What the task asks: Of the material below, only the lines from the line containing "using map_heads_eq_tl_path_verts[OF wp]" down to the line containing "fix a b assume" belong in the answer, written out exactly.

Data for review:
★ ★ ★ ★ ★ ★ ★

lemma simple_path_drop:
  assumes "simple_path G S p" "k < length p"
  shows "simple_path G S (drop k p) \<and> vert G (hd (drop k p)) = path_verts G p ! k \<and>
         last (drop k p) = last p"
  using assms
proof (induction p arbitrary: k)
  case Nil
  then show ?case by simp
next
  case (Cons x p)
  show ?case
  proof (cases k)
    case 0
    then show ?thesis using Cons.prems by (cases p) (auto simp: path_verts_Cons path_verts_def)
  next
    case (Suc j)
    then have j: "j < length p" and ne: "p \<noteq> []" using Cons.prems by auto
    then have sp: "simple_path G S p" using Cons.prems(1) simple_path_Cons by auto
    show ?thesis using Cons.IH[OF sp j] Suc path_verts_Cons[OF ne] ne by simp
  qed
qed

lemma simple_path_suffix:
  assumes p: "simple_path G S p" and u: "u \<in> set (path_verts G p)" "u \<noteq> vert G (al (last p))"
  obtains k where "k < length p" "path_verts G p ! k = u" "simple_path G S (drop k p)"
    "vert G (hd (drop k p)) = u" "last (drop k p) = last p"
proof -
  obtain k where k: "k < length (path_verts G p)" "path_verts G p ! k = u"
    using u(1) by (metis in_set_conv_nth)
  have "k \<noteq> length p"
    using k(2) u(2) path_verts_last[of p] by (auto simp: path_verts_def nth_append)
  then have "k < length p" using k(1) path_verts_length by (metis less_antisym)
  then show thesis using that simple_path_drop[OF p] k(2) by blast
qed

lemma walk_in_imp_simple_path:
  assumes "walk_in G S p" "vert G (hd p) \<noteq> vert G (al (last p))"
  shows "\<exists>r. simple_path G S r \<and> vert G (hd r) = vert G (hd p) \<and>
             vert G (al (last r)) = vert G (al (last p)) \<and> set r \<subseteq> set p"
  using assms
proof (induction p)
  case Nil
  then show ?case by (simp add: walk_in_def)
next
  case (Cons x p)
  have xD: "x \<in> D" and xS: "edg G x \<in> S" using Cons.prems(1) walk_in_Cons by auto
  show ?case
  proof (cases "p = [] \<or> vert G (al x) = vert G (al (last p))")
    case True
    then show ?thesis using xD xS by (intro exI[of _ "[x]"]) auto
  next
    case False
    then have ne: "p \<noteq> []" and mb: "vert G (al x) \<noteq> vert G (al (last p))" by auto
    then have wp: "walk_in G S p" and h: "vert G (al x) = vert G (hd p)"
      using Cons.prems(1) walk_in_Cons by auto
    obtain r where r: "simple_path G S r" "vert G (hd r) = vert G (hd p)"
      "vert G (al (last r)) = vert G (al (last p))" "set r \<subseteq> set p"
      using Cons.IH[OF wp] mb h by auto
    have rne: "r \<noteq> []" using r(1) unfolding simple_path_def walk_in_def by simp
    have lastx: "last (x # p) = last p" using ne by simp
    show ?thesis
    proof (cases "vert G x \<in> set (path_verts G r)")
      case False
      have "simple_path G S (x # r)" using simple_path_Cons[OF rne] r xD xS h False by simp
      then show ?thesis using r lastx rne by (intro exI[of _ "x # r"]) auto
    next
      case True
      moreover have "vert G x \<noteq> vert G (al (last r))" using Cons.prems(2) r(3) lastx by simp
      ultimately obtain k where "simple_path G S (drop k r)" "vert G (hd (drop k r)) = vert G x"
          "last (drop k r) = last r"
        using simple_path_suffix[OF r(1)] by metis
      moreover have "set (drop k r) \<subseteq> set (x # p)" using r(4) set_drop_subset by fastforce
      ultimately show ?thesis using r lastx by (intro exI[of _ "drop k r"]) auto
    qed
  qed
qed

lemma walk_in_rev:
  assumes "walk_in G S p"
  shows "walk_in G S (rev (map al p)) \<and> path_verts G (rev (map al p)) = rev (path_verts G p)"
  using assms
proof (induction p)
  case Nil
  then show ?case by (simp add: walk_in_def)
next
  case (Cons x q)
  have xD: "x \<in> D" and xS: "edg G x \<in> S" using Cons.prems walk_in_Cons by auto
  show ?case
  proof (cases "q = []")
    case True
    then show ?thesis using xD xS by simp
  next
    case False
    have wq: "walk_in G S q" and h: "vert G (al x) = vert G (hd q)"
      using Cons.prems walk_in_Cons False by auto
    have IH: "walk_in G S (rev (map al q))" "path_verts G (rev (map al q)) = rev (path_verts G q)"
      using Cons.IH[OF wq] by auto
    have qD: "set q \<subseteq> D" using walk_in_darts[OF wq] .
    have hqD: "hd q \<in> D" using qD False by auto
    have ne: "rev (map al q) \<noteq> []" using False by simp
    have lr: "last (rev (map al q)) = al (hd q)" using False by (simp add: last_rev hd_map)
    have e: "rev (map al (x # q)) = rev (map al q) @ [al x]" by simp
    have w1: "walk_in G S (rev (map al (x # q)))"
      unfolding e using walk_in_append[OF ne, of "[al x]" S] IH(1) xD xS lr hqD h by simp
    have "path_verts G (rev (map al q)) = map (vert G) (rev (map al q)) @ [vert G (hd q)]"
      unfolding path_verts_def using lr hqD by simp
    then have pq: "rev (path_verts G q) = map (vert G) (rev (map al q)) @ [vert G (hd q)]" using IH(2) by simp
    have "path_verts G (rev (map al (x # q))) = map (vert G) (rev (map al q)) @ [vert G (al x), vert G x]"
      unfolding e using path_verts_append[of "[al x]" "rev (map al q)"] xD by simp
    also have "\<dots> = rev (path_verts G q) @ [vert G x]" using pq h by simp
    also have "\<dots> = rev (path_verts G (x # q))" using path_verts_Cons[OF False] by simp
    finally show ?thesis using w1 by simp
  qed
qed

lemma simple_path_rev:
  assumes "simple_path G S p"
  shows "simple_path G S (rev (map al p))" "hd (rev (map al p)) = al (last p)"
    "last (rev (map al p)) = al (hd p)"
proof -
  have ne: "p \<noteq> []" using assms unfolding simple_path_def walk_in_def by simp
  have "walk_in G S p" using assms unfolding simple_path_def by simp
  from walk_in_rev[OF this] show "simple_path G S (rev (map al p))" using assms unfolding simple_path_def by simp
  show "hd (rev (map al p)) = al (last p)" using ne by (simp add: hd_rev last_map)
  show "last (rev (map al p)) = al (hd p)" using ne by (simp add: last_rev hd_map)
qed

lemma simple_path_ends_distinct:
  assumes "simple_path G S p"
  shows "vert G (hd p) \<noteq> vert G (al (last p))"
proof -
  have ne: "p \<noteq> []" using assms unfolding simple_path_def walk_in_def by simp
  have d: "distinct (path_verts G p)" using assms unfolding simple_path_def by simp
  obtain y r where pr: "p = y # r" using ne by (cases p) auto
  have "path_verts G p = vert G y # map (vert G) r @ [vert G (al (last p))]"
    unfolding path_verts_def pr by simp
  then show ?thesis using d pr by auto
qed

lemma simple_path_closing_dcycle:
  assumes "simple_path G S R" "x \<in> D" "vert G (al x) = vert G (hd R)"
    "vert G x = vert G (al (last R))" "edg G x \<notin> edg G ` set R"
  shows "dcycle G (insert (edg G x) S) (R @ [x])"
proof -
  have ne: "R \<noteq> []" using assms unfolding simple_path_def walk_in_def by simp
  have wR: "walk_in G (insert (edg G x) S) R"
    using walk_in_mono assms(1) unfolding simple_path_def by blast
  have w: "walk_in G (insert (edg G x) S) (R @ [x])"
    using walk_in_append[OF ne, of "[x]"] wR assms(2,4) by simp
  have "path_verts G R = map (vert G) R @ [vert G x]" unfolding path_verts_def using assms(4) by simp
  then have d1: "distinct (map (vert G) (R @ [x]))" using assms(1) unfolding simple_path_def by simp
  have d2: "distinct (map (edg G) (R @ [x]))" using simple_path_distinct_edges[OF assms(1)] assms(5) by simp
  show ?thesis unfolding dcycle_def using w d1 d2 ne assms(3) by simp
qed

lemma dcycle_mono: "dcycle G S ds \<Longrightarrow> S \<subseteq> S' \<Longrightarrow> dcycle G S' ds"
  unfolding dcycle_def using walk_in_mono by blast

lemma dcycle_map_heads:
  assumes c: "dcycle G S ds"
  shows "map (\<lambda>x. vert G (al x)) ds = tl (map (vert G) ds) @ [vert G (hd ds)]"
proof -
  have wp: "walk_in G S ds" and cl: "vert G (al (last ds)) = vert G (hd ds)"
    using c unfolding dcycle_def by auto
  then show ?thesis
    using map_heads_eq_tl_path_verts[OF wp] walk_in_nonempty[OF wp] unfolding path_verts_def
    by (cases ds) auto
qed

lemma dcycle_distinct_heads:
  assumes c: "dcycle G S ds"
  shows "distinct (map (\<lambda>x. vert G (al x)) ds)"
proof -
  have "distinct (map (vert G) ds)" "ds \<noteq> []"
    using c walk_in_nonempty unfolding dcycle_def by auto
  then have "distinct (tl (map (vert G) ds) @ [vert G (hd ds)])" by (cases ds) auto
  then show ?thesis using dcycle_map_heads[OF c] by simp
qed

lemma dcycle_heads_image:
  assumes c: "dcycle G S ds"
  shows "(\<lambda>x. vert G (al x)) ` set ds = vert G ` set ds"
proof -
  have "ds \<noteq> []" using c walk_in_nonempty unfolding dcycle_def by auto
  then have "set (tl (map (vert G) ds) @ [vert G (hd ds)]) = vert G ` set ds" by (cases ds) auto
  then show ?thesis using dcycle_map_heads[OF c] by (metis list.set_map)
qed

definition adj_rel :: "'d set set \<Rightarrow> ('d set \<times> 'd set) set" where
  "adj_rel S = {(vert G x, vert G (al x)) | x. x \<in> D \<and> edg G x \<in> S}"

lemma adj_rel_sym: "sym (adj_rel S)"
  unfolding sym_def adj_rel_def
proof (intro allI impI)
  fix a b assume "(a, b) \<in> {(vert G x, vert G (al x)) |x. x \<in> D \<and> edg G x \<in> S}"
  then obtain x where x: "a = vert G x" "b = vert G (al x)" "x \<in> D" "edg G x \<in> S" by auto
  then have "b = vert G (al x) \<and> a = vert G (al (al x)) \<and> al x \<in> D \<and> edg G (al x) \<in> S" by simp
  then show "(b, a) \<in> {(vert G x, vert G (al x)) |x. x \<in> D \<and> edg G x \<in> S}" by blast
qed

lemma adj_rel_rtrancl_sym: "(a, b) \<in> (adj_rel S)\<^sup>* \<Longrightarrow> (b, a) \<in> (adj_rel S)\<^sup>*"
  using sym_rtrancl[OF adj_rel_sym] unfolding sym_def by blast

lemma walk_in_adj_rel: "walk_in G S p \<Longrightarrow> (vert G (hd p), vert G (al (last p))) \<in> (adj_rel S)\<^sup>*"
proof (induction p)
  case Nil
  then show ?case by (simp add: walk_in_def)
next
  case (Cons x p)
  have xD: "x \<in> D" and xS: "edg G x \<in> S" using Cons.prems walk_in_Cons by auto
  have st: "(vert G x, vert G (al x)) \<in> adj_rel S" unfolding adj_rel_def using xD xS by blast
  show ?case
  proof (cases "p = []")
    case True
    then show ?thesis using st by simp
  next
    case False
    then have "walk_in G S p" "vert G (al x) = vert G (hd p)" using Cons.prems walk_in_Cons by auto
    then have "(vert G (al x), vert G (al (last p))) \<in> (adj_rel S)\<^sup>*" using Cons.IH by simp
    then show ?thesis using st False by (simp add: converse_rtrancl_into_rtrancl)
  qed
qed

lemma adj_rel_walk_in:
  assumes "(a, b) \<in> (adj_rel S)\<^sup>*"
  shows "a = b \<or> (\<exists>p. walk_in G S p \<and> vert G (hd p) = a \<and> vert G (al (last p)) = b)"
  using assms
proof (induction rule: converse_rtrancl_induct)
  case base
  then show ?case by simp
next
  case (step a c)
  then obtain x where x: "a = vert G x" "c = vert G (al x)" "x \<in> D" "edg G x \<in> S"
    unfolding adj_rel_def by blast
  show ?case
  proof (cases "c = b")
    case True
    then show ?thesis using x by (intro disjI2 exI[of _ "[x]"]) simp
  next
    case False
    then obtain p where p: "walk_in G S p" "vert G (hd p) = c" "vert G (al (last p)) = b"
      using step.IH by auto
    have ne: "p \<noteq> []" using p(1) walk_in_nonempty by blast
    have "walk_in G S (x # p)" using walk_in_Cons[of S x p] x p by simp
    then show ?thesis using x p ne by (intro disjI2 exI[of _ "x # p"]) simp
  qed
qed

★ ★ ★ ★ ★ ★ ★

Answer section:
    using map_heads_eq_tl_path_verts[OF wp] walk_in_nonempty[OF wp] unfolding path_verts_def
    by (cases ds) auto
qed

lemma dcycle_distinct_heads:
  assumes c: "dcycle G S ds"
  shows "distinct (map (\<lambda>x. vert G (al x)) ds)"
proof -
  have "distinct (map (vert G) ds)" "ds \<noteq> []"
    using c walk_in_nonempty unfolding dcycle_def by auto
  then have "distinct (tl (map (vert G) ds) @ [vert G (hd ds)])" by (cases ds) auto
  then show ?thesis using dcycle_map_heads[OF c] by simp
qed

lemma dcycle_heads_image:
  assumes c: "dcycle G S ds"
  shows "(\<lambda>x. vert G (al x)) ` set ds = vert G ` set ds"
proof -
  have "ds \<noteq> []" using c walk_in_nonempty unfolding dcycle_def by auto
  then have "set (tl (map (vert G) ds) @ [vert G (hd ds)]) = vert G ` set ds" by (cases ds) auto
  then show ?thesis using dcycle_map_heads[OF c] by (metis list.set_map)
qed

definition adj_rel :: "'d set set \<Rightarrow> ('d set \<times> 'd set) set" where
  "adj_rel S = {(vert G x, vert G (al x)) | x. x \<in> D \<and> edg G x \<in> S}"

lemma adj_rel_sym: "sym (adj_rel S)"
  unfolding sym_def adj_rel_def
proof (intro allI impI)
  fix a b assume "(a, b) \<in> {(vert G x, vert G (al x)) |x. x \<in> D \<and> edg G x \<in> S}"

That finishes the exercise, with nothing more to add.